Despite receiving serious tongue-lashing from President Rodrigo Duterte, the European Union (EU) would soon release its 3.8-million Euro (P242 million) aid to the Philippines in a bid to strengthen its drug rehabilitation projects, its aid and development chief said Friday.
European Commission Director General for International Cooperation and Development (Devco) Stefano Manservisi announced this during his two-day visit to the Philippines.
“We are now about to disburse to pay 3.8 million (Euros), now, which is part of our budget support which is precisely aiming at completing this program, this drug rehabilitation program ongoing,” Manservisi said in a press conference.
Manservisi said the aid would be released in the coming days, as the drug rehabilitation project is listed as an item under the 2018 General Appropriations Act or the national budget.
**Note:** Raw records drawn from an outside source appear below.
(* Let $\{T^k\}_k$ be a nested sequence of trees satisfying the standing assumptions. The big bang condition holds if and only if there exists a nested sequence of trees $\tilde T^k$, with $\tilde T^k$ a restriction of $T^k$ for each $k$, such that $|\partial\tilde T^k|\to\infty$ and $\{\tilde T^k\}_k$ has vanishing spread.
   Context: Trees $T=(V,E,\rho,\ell)$ are finite rooted trees with positive edge lengths, viewed as metric objects; $\partial T$ is the leaf set and $\ell_\gamma$ the distance from the root to point $\gamma$. Restriction of $T$ to $L\subseteq\partial T$: the tree rooted at $\rho$ consisting of all points on paths from $\rho$ to leaves in $L$. Standing assumptions: $\{T^k\}_{k\ge1}$ nested with common root ($T^{k-1}$ is a restriction of $T^k$), $|\partial T^k|=k$, and uniformly bounded height $\sup_k\max_{x\in\partial T^k}\ell_x<\infty$. A sequence $\{\tilde T^k\}$ is nested if $\tilde T^{k-1}$ is a restriction of $\tilde T^k$. Truncation: $T(s)=\{\gamma:\ell_\gamma\le s\}$ with leaf set $\partial T(s)$. Big bang condition: for every $s>0$, $|\partial T^k(s)|\to\infty$ as $k\to\infty$. Spread: for leaves $x,y$, $\ell_{xy}$ is the length of the common part of the paths from $\rho$ to $x$ and to $y$; $\mathrm{Spr}(T)=\frac{\sum_{x\ne y}(\ell_{xy}\wedge1)}{|\partial T|(|\partial T|-1)}$, the sum over ordered pairs of distinct leaves. $\{T^k\}$ has vanishing spread if $\limsup_k\mathrm{Spr}(T^k)=0$. *)

theory Defs
  imports "HOL-Analysis.Analysis" "HOL-Library.Liminf_Limsup"
begin

text \<open>A finite rooted metric tree is encoded (up to root-preserving isometry) by its
leaf set L, the root-to-leaf distances h x = l_x, and the lengths b x y = l_xy of the
common part of the root paths to x and y. The tree itself is the union of the
root-to-leaf geodesics; its points are pairs (x,r), 0 <= r <= l_x, where (x,r) and (y,r)
are identified iff r <= l_xy.\<close>

type_synonym 'a mtree = "'a set \<times> ('a \<Rightarrow> real) \<times> ('a \<Rightarrow> 'a \<Rightarrow> real)"

definition leaves :: "'a mtree \<Rightarrow> 'a set" where
  "leaves T = fst T"

definition hgt :: "'a mtree \<Rightarrow> 'a \<Rightarrow> real" where
  "hgt T = fst (snd T)"
lemma card_F_verts: "card (F_verts k) = 4 * k + 3"
proof (cases "k = 0")
  case True
  then show ?thesis by (simp add: F_verts_def)
next
  case False
  then have k: "1 \<le> k" by simp
  have "card (A ` {1..k}) = k" "card (B ` {1..k}) = k" "card (C ` {1..k}) = k" "card (D ` {1..k}) = k"
    by (simp_all add: card_image inj_on_def)
  then show ?thesis unfolding F_verts_eq[OF k]
    by (subst card_Un_disjoint, auto)+
qed

context
  fixes k i :: nat
  assumes k: "1 \<le> k" and i: "1 \<le> i" "i \<le> k"
begin

lemma adj_A: "F_adj k (A i) y \<longleftrightarrow> y = B i \<or> y = D i \<or> y = (if i = 1 then Vs 1 else B (i - 1))"
  using k i by (auto simp: F_adj_def F_edges_def G_edges_def)

lemma adj_B: "F_adj k (B i) y \<longleftrightarrow> y = A i \<or> y = C i \<or> y = (if i = k then D k else A (i + 1))"
  using k i by (auto simp: F_adj_def F_edges_def G_edges_def)

lemma adj_C: "F_adj k (C i) y \<longleftrightarrow> y = B i \<or> y = D i \<or> y = (if i = 1 then Vs 3 else D (i - 1))"
  using k i by (auto simp: F_adj_def F_edges_def G_edges_def)

lemma adj_D: "F_adj k (D i) y \<longleftrightarrow> y = A i \<or> y = C i \<or> y = (if i = k then B k else C (i + 1))"
  using k i by (auto simp: F_adj_def F_edges_def G_edges_def)

end

lemma adj_Vs:
  assumes "1 \<le> k"
  shows "F_adj k (Vs 1) y \<longleftrightarrow> y = A 1 \<or> y = Vs 2"
    and "F_adj k (Vs 2) y \<longleftrightarrow> y = Vs 1 \<or> y = Vs 3"
    and "F_adj k (Vs 3) y \<longleftrightarrow> y = C 1 \<or> y = Vs 2"
  using assms by (auto simp: F_adj_def F_edges_def G_edges_def)

(* The path
   vertices form level 0: v_1 and v_3 play the roles of b_0 and d_0 (they are the
   predecessors of a_1 and c_1), and v_2 forms the a/c-part of that level. *)
definition bd_level :: "nat \<Rightarrow> vtx set" where
  "bd_level j = (if j = 0 then {Vs 1, Vs 3} else {B j, D j})"

definition ac_level :: "nat \<Rightarrow> vtx set" where
  "ac_level j = (if j = 0 then {Vs 2} else {A j, C j})"

lemma card_bd_level: "card (bd_level j) = 2"
  by (simp add: bd_level_def)

lemma card_inter_pair:
  assumes "card X = 2"
  shows "card (S \<inter> X) = 0 \<longleftrightarrow> S \<inter> X = {}" and "2 \<le> card (S \<inter> X) \<longleftrightarrow> X \<subseteq> S"
proof -
  have fin: "finite X" using assms card.infinite by fastforce
  then show "card (S \<inter> X) = 0 \<longleftrightarrow> S \<inter> X = {}" by simp
  have "card (S \<inter> X) \<le> 2" using fin assms card_mono[of X "S \<inter> X"] by auto
  moreover have "X \<subseteq> S \<Longrightarrow> S \<inter> X = X" by blast
  ultimately show "2 \<le> card (S \<inter> X) \<longleftrightarrow> X \<subseteq> S"
    using fin assms card_subset_eq[of X "S \<inter> X"] by auto
qed
lemma binomial_fact_minus_power_bound:
  assumes "i + 2 \<le> m"
  shows "\<bar>real (m choose (i + 2)) * fact (i + 2) - real m ^ (i + 1) * (real m + real t)\<bar>
         \<le> ((real (i + 2))^2 + real t) * real m ^ (i + 1)"
proof -
  define P x y q where "P = real (m choose (i + 2)) * fact (i + 2)" and "x = real m"
    and "y = real m ^ (i + 1)" and "q = (real (i + 2))^2"
  have "P \<le> real m ^ (i + 2)"
    unfolding P_def by (rule binomial_times_fact_le_power)
  also have "real m ^ (i + 2) = x * y"
    by (simp add: x_def y_def power_add power2_eq_square)
  finally have "P \<le> x * y" .
  moreover have "x * y - q * y \<le> P"
    using binomial_fact_ge[of "i + 1" m] assms by (simp add: P_def x_def y_def q_def)
  moreover have "0 \<le> real t * y"
    by (simp add: y_def)
  ultimately have "\<bar>P - (x * y + real t * y)\<bar> \<le> q * y + real t * y"
    by (simp only: abs_le_iff) linarith
  then have "\<bar>P - y * (x + real t)\<bar> \<le> (q + real t) * y"
    by (simp only: distrib_left distrib_right mult.commute)
  then show ?thesis
    by (simp only: P_def x_def y_def q_def)
qed

lemma binomial_over_linear_bigo:
  "(\<lambda>m. real t * real (m choose (i + 2)) / (real m + real t) - real t / fact (i + 2) * real m ^ (i + 1))
   \<in> O(\<lambda>m. real m ^ i)"
proof -
  define c where "c = real t * ((real (i + 2))^2 + real t) / fact (i + 2)"
  have "\<bar>real t * real (m choose (i + 2)) / (real m + real t) - real t / fact (i + 2) * real m ^ (i + 1)\<bar>
        \<le> c * real m ^ i" if m: "i + 2 \<le> m" for m
  proof -
    define N where "N = real (m choose (i + 2)) * fact (i + 2) - real m ^ (i + 1) * (real m + real t)"
    have pos: "0 < real m + real t"
      using m by simp
    have "real t * real (m choose (i + 2)) / (real m + real t) - real t / fact (i + 2) * real m ^ (i + 1)
        = real t / fact (i + 2) * (N / (real m + real t))"
    proof -
      have "a * b / d - a / f * z = a / f * ((b * f - z * d) / d)" if "f \<noteq> 0" "d \<noteq> 0"
        for a b d f z :: real
        using that by (simp add: field_simps)
      then show ?thesis
        using pos by (simp add: N_def)
    qed
    also have "\<bar>\<dots>\<bar> = real t / fact (i + 2) * (\<bar>N\<bar> / (real m + real t))"
      using pos by (simp add: abs_mult)
    also have "\<dots> \<le> real t / fact (i + 2) * (((real (i + 2))^2 + real t) * real m ^ (i + 1) / (real m + real t))"
      using binomial_fact_minus_power_bound[OF m, of t] pos unfolding N_def
      by (intro mult_left_mono divide_right_mono) simp_all
    also have "\<dots> \<le> real t / fact (i + 2) * (((real (i + 2))^2 + real t) * real m ^ i)"
    proof -
      have "real m ^ (i + 1) \<le> (real m + real t) * real m ^ i"
        by (simp add: algebra_simps)
      then have "real m ^ (i + 1) / (real m + real t) \<le> real m ^ i"
        using pos by (simp add: divide_le_eq mult.commute)
      then have "((real (i + 2))^2 + real t) * (real m ^ (i + 1) / (real m + real t))
          \<le> ((real (i + 2))^2 + real t) * real m ^ i"
        by (rule mult_left_mono) simp
      then show ?thesis
        by (intro mult_left_mono) simp_all
    qed
    finally show ?thesis
      by (simp add: c_def)
  qed
  then have "\<forall>\<^sub>F m in at_top. norm (real t * real (m choose (i + 2)) / (real m + real t)
      - real t / fact (i + 2) * real m ^ (i + 1)) \<le> c * norm (real m ^ i)"
    unfolding eventually_at_top_linorder by (intro exI[of _ "i + 2"]) simp
  then show ?thesis
    by (rule bigoI)
qed

lemma one_bigo_ln: "(\<lambda>_::nat. 1::real) \<in> O(\<lambda>m. ln (real m))"
proof -
  have "filterlim (\<lambda>m::nat. ln (real m)) at_top at_top"
    by (rule filterlim_compose[OF ln_at_top filterlim_real_sequentially])
  then have "\<forall>\<^sub>F m in at_top. 1 \<le> ln (real m)"
    by (simp add: filterlim_at_top)
  then show ?thesis
    by (intro bigoI[where c = 1]) (auto elim: eventually_mono)
qed

lemma R_RM_codim_le:
  assumes "i + 3 \<le> m"
  shows "real (R_RM t (m - (i + 3)) m) \<le> real t / fact (i + 1) * real m ^ (i + 1) + real t * 2^(i + 3) * real m ^ i"
proof -
  have "R_RM t (m - (i + 3)) m \<le> t * ((m choose (i + 1)) + 2^(i + 3) * (m choose i))"
    unfolding R_RM_def by (rule gen_cov_radius_le_if_covers[OF covers_RM_codim[OF order_refl assms]])
  then have "real (R_RM t (m - (i + 3)) m) \<le> real t * (real (m choose (i + 1)) + 2^(i + 3) * real (m choose i))"
    using of_nat_mono by fastforce
  also have "\<dots> \<le> real t * (real m ^ (i + 1) / fact (i + 1) + 2^(i + 3) * real m ^ i)"
  proof -
    have "m choose i \<le> m ^ i"
      using assms by (intro binomial_le_pow) simp
    then have "real (m choose i) \<le> real m ^ i"
      by simp
    then show ?thesis
      using binomial_times_fact_le_power[of m "i + 1"] by (intro mult_left_mono add_mono) (simp_all add: le_divide_eq)
  qed
  also have "\<dots> = real t / fact (i + 1) * real m ^ (i + 1) + real t * 2^(i + 3) * real m ^ i"
    by (simp only: distrib_left times_divide_eq_right times_divide_eq_left mult.assoc)
  finally show ?thesis .
qed

lemma R_RM_codim_ge:
  assumes "i + 3 \<le> m"
  shows "real t * real (m choose (i + 2)) / (real m + real t) \<le> real (R_RM t (m - (i + 3)) m)"
proof -
  have "m choose (m - (i + 3) + 1) = m choose (i + 2)"
    using binomial_symmetric[of "m - (i + 3) + 1" m] assms by simp
  then have "real t * real (m choose (i + 2)) \<le> (real m + real t) * real (R_RM t (m - (i + 3)) m)"
    using of_nat_mono[OF binomial_le_R_RM[of t m "m - (i + 3)"]] by simp
  moreover have "0 < real m + real t"
    using assms by simp
  ultimately show ?thesis
    by (simp add: divide_le_eq mult.commute)
qed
The aid chief said the project focuses on reintegrating former drug users back into society, which includes activities such as creation of rehabilitation facilities, and implementation of psychosocial and educational activities.
“We have a program which is called drug rehabilitation program in which we are addressing how to bring back to normal life people who have been into this segment,” Manservisi said.
“We are doing that in the framework or the program that the government is doing,” he added.
READ: Palace welcomes EU aid
Manservisi said that the EU-Philippine relations continue to move forward despite Duterte’s strong statements and criticisms of the powerful bloc.
He said that the EU development aid would continue even with the powerful bloc’s critical stance against human right violations linked to the administration’s controversial campaign against illegal drugs.
The aid covers a total of 170-million Euro worth of projects in resource-rich Mindanao and on renewable energy.